Homebrew Primer / Glossary

This section is llm-generated

Core Concepts

  • Homebrew (“brew”)
    The actual package manager CLI (brew install foo). Manages where software comes from and how it’s installed.
  • Formula (plural: formulae)
    A recipe (written in Ruby) describing how to download, compile, and install a piece of software.
    • Example: brew install wget pulls the wget formula, builds it (or fetches a prebuilt binary), and installs it.
    • Stored in GitHub repos like homebrew-core.
  • Cask
    A type of formula, but specifically for macOS applications packaged as binaries (usually .app, .dmg, .pkg).
    • Example: brew install --cask google-chrome downloads the dmg and installs Chrome into /Applications.
    • Lives in homebrew-cask.
  • Tap
    A Git repo containing formulae or casks. Think of it as an extra “source of packages”.
    • The default is homebrew/core and homebrew/cask.
    • Anyone can make a tap: e.g. brew tap hashicorp/tap gives access to brew install hashicorp/terraform.
  • Keg
    The installed copy of a formula in Homebrew’s cellar.
    • Stored under /usr/local/Cellar/<formula>/<version> (Intel macs) or /opt/homebrew/Cellar/... (Apple Silicon).
  • Cellar
    The folder containing all kegs. It’s the “wine cellar” for your software.
  • Prefix
    The “root directory” under which Homebrew is installed.
    • /usr/local (Intel macs) or /opt/homebrew (Apple Silicon).
    • Symlinks from bin/, lib/, etc. point into the Cellar so software is on your PATH.

Supporting Concepts

  • Bottle
    A precompiled binary of a formula (so you don’t have to compile from source).
    • brew install wget usually installs a bottle.
    • If no bottle is available, it falls back to building from source.
  • Head formula
    Formula that installs from the latest commit of the project’s repo (not a release).
    • Example: brew install --HEAD neovim.
  • Taproom (rarely used term)
    Just a nickname for the collection of taps.
  • Bundle
    A Brewfile system (brew bundle) — like a lockfile or manifest.

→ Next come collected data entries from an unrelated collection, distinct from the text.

(* Let $P$ be a finite poset and $\Bbbk$ a commutative ring with unit. Suppose that for every $a\in P$ one has $\widetilde H_m\bigl(\Delta(P_{<a}),\Bbbk\bigr)=0$ for all $m\le d(a)-2$. Then for every $n$ the simplicial chain complex $C_\bullet(\Delta(P),\Bbbk)$ of the order complex of $P$ and the conic chain complex $\mathcal C_\bullet(P,\Bbbk)$ have isomorphic $n$-th homology.
   Context: For a finite poset $P$ and $a\in P$ put $P_{\le a}=\{x\in P: x\le a\}$ and $P_{<a}=\{x\in P: x<a\}$. For a subset $S\subseteq P$, $\Delta(S)$ denotes the order complex of $S$ (the simplicial complex whose faces are the chains of $S$). The dimension of $a$ is $d(a)=d_P(a)=\dim\Delta(P_{\le a})$. For $n\in\mathbb Z$ put $P^n=\{a\in P: d(a)\le n\}$ and $\Delta^n=\Delta(P^n)$ (so $\Delta^{-1}$ is the empty complex). Faces of order complexes are oriented by listing their vertices in decreasing order. The conic chain complex $\mathcal C_\bullet(P,\Bbbk)$ has $\mathcal C_n(P,\Bbbk)=H_n(\Delta^n,\Delta^{n-1};\Bbbk)$ (relative simplicial homology) for $n\ge 0$, and for $n\ge1$ its differential $\partial_n$ is the composition $\iota_{n-1}\circ\delta_n$, where $\delta_n\colon H_n(\Delta^n,\Delta^{n-1};\Bbbk)\to\widetilde H_{n-1}(\Delta^{n-1};\Bbbk)$ is the connecting map of the long exact sequence of the pair $(\Delta^n,\Delta^{n-1})$ and $\iota_{n-1}\colon \widetilde H_{n-1}(\Delta^{n-1};\Bbbk)\to H_{n-1}(\Delta^{n-1},\Delta^{n-2};\Bbbk)$ is the (injective) natural map of the long exact sequence of the pair $(\Delta^{n-1},\Delta^{n-2})$. *)

theory Defs
  imports Main
begin

definition is_chain :: "'a rel \<Rightarrow> 'a set \<Rightarrow> bool" where
  "is_chain r \<sigma> \<longleftrightarrow> (\<forall>x\<in>\<sigma>. \<forall>y\<in>\<sigma>. (x, y) \<in> r \<or> (y, x) \<in> r)"

definition order_complex :: "'a rel \<Rightarrow> 'a set \<Rightarrow> 'a set set" where
  "order_complex r S = {\<sigma>. \<sigma> \<subseteq> S \<and> \<sigma> \<noteq> {} \<and> finite \<sigma> \<and> is_chain r \<sigma>}"

definition below_eq :: "'a rel \<Rightarrow> 'a set \<Rightarrow> 'a \<Rightarrow> 'a set" where
  "below_eq r P a = {x \<in> P. (x, a) \<in> r}"

definition below :: "'a rel \<Rightarrow> 'a set \<Rightarrow> 'a \<Rightarrow> 'a set" where
  "below r P a = {x \<in> P. (x, a) \<in> r \<and> x \<noteq> a}"

text \<open>d(a) = dim Delta(P_{<=a}) = (maximal number of vertices of a face) - 1.\<close>
definition pdim :: "'a rel \<Rightarrow> 'a set \<Rightarrow> 'a \<Rightarrow> nat" where
  "pdim r P a = Max (card ` order_complex r (below_eq r P a)) - 1"

text \<open>P^m = {a. d(a) <= m} and Delta^m, for integer m (Delta^{-1} is empty).\<close>
definition skel :: "'a rel \<Rightarrow> 'a set \<Rightarrow> int \<Rightarrow> 'a set" where
  "skel r P m = {a \<in> P. int (pdim r P a) \<le> m}"

definition Dskel :: "'a rel \<Rightarrow> 'a set \<Rightarrow> int \<Rightarrow> 'a set set" where
  "Dskel r P m = order_complex r (skel r P m)"

text \<open>An n-chain of the complex K is a function from faces to 'k supported on
n-faces of K (faces with n+1 vertices); each face is oriented by listing its
vertices in decreasing order.\<close>
definition chains :: "'a set set \<Rightarrow> nat \<Rightarrow> ('a set \<Rightarrow> 'k::zero) set" where
  "chains K n = {c. \<forall>\<sigma>. c \<sigma> \<noteq> 0 \<longrightarrow> \<sigma> \<in> K \<and> card \<sigma> = Suc n}"

text \<open>Simplicial boundary of an n-chain: removing the vertex in position i (in
decreasing order) carries the sign (-1)^i; position of v in the face insert v tau
equals the number of elements of tau above v.\<close>
definition bd :: "'a rel \<Rightarrow> nat \<Rightarrow> ('a set \<Rightarrow> 'k::comm_ring_1) \<Rightarrow> 'a set \<Rightarrow> 'k" where
  "bd r n c \<tau> = (if n = 0 then 0 else
     (\<Sum>v\<in>{v. v \<notin> \<tau> \<and> c (insert v \<tau>) \<noteq> 0}.
        (-1) ^ card {w \<in> \<tau>. (v, w) \<in> r} * c (insert v \<tau>)))"

definition cycles :: "'a rel \<Rightarrow> 'a set set \<Rightarrow> nat \<Rightarrow> ('a set \<Rightarrow> 'k::comm_ring_1) set" where
  "cycles r K n = {c \<in> chains K n. bd r n c = (\<lambda>_. 0)}"

definition boundaries :: "'a rel \<Rightarrow> 'a set set \<Rightarrow> nat \<Rightarrow> ('a set \<Rightarrow> 'k::comm_ring_1) set" where
  "boundaries r K n = bd r (Suc n) ` chains K (Suc n)"

text \<open>Reduced cycles: in degree 0 the cycles are the chains with coefficient
sum 0 (kernel of the augmentation).  Reduced homology in degree m vanishes iff
every reduced m-cycle is an m-boundary.\<close>
definition red_cycles :: "'a rel \<Rightarrow> 'a set set \<Rightarrow> nat \<Rightarrow> ('a set \<Rightarrow> 'k::comm_ring_1) set" where
  "red_cycles r K m = {c \<in> chains K m. (if m = 0 then sum c K = 0 else bd r m c = (\<lambda>_. 0))}"

definition red_homology_vanishes :: "'a rel \<Rightarrow> 'a set set \<Rightarrow> nat \<Rightarrow> 'k::comm_ring_1 itself \<Rightarrow> bool" where
  "red_homology_vanishes r K m _ \<longleftrightarrow>
     (red_cycles r K m :: ('a set \<Rightarrow> 'k) set) \<subseteq> boundaries r K m"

Lets you declare all the formulae, casks, and taps you want and restore them on a new machine.

Mental Model

  • Brew is the waiter.
  • Formulae are the recipes.
  • Casks are pre-boxed takeout meals (apps).
  • Taps are extra cookbooks from other chefs.
  • Cellar is the wine cellar where all bottles (installations) are stored.
  • Kegs are the actual bottles of wine (specific software versions).
  • Prefix is the front-of-house restaurant entrance (where symlinks make software available).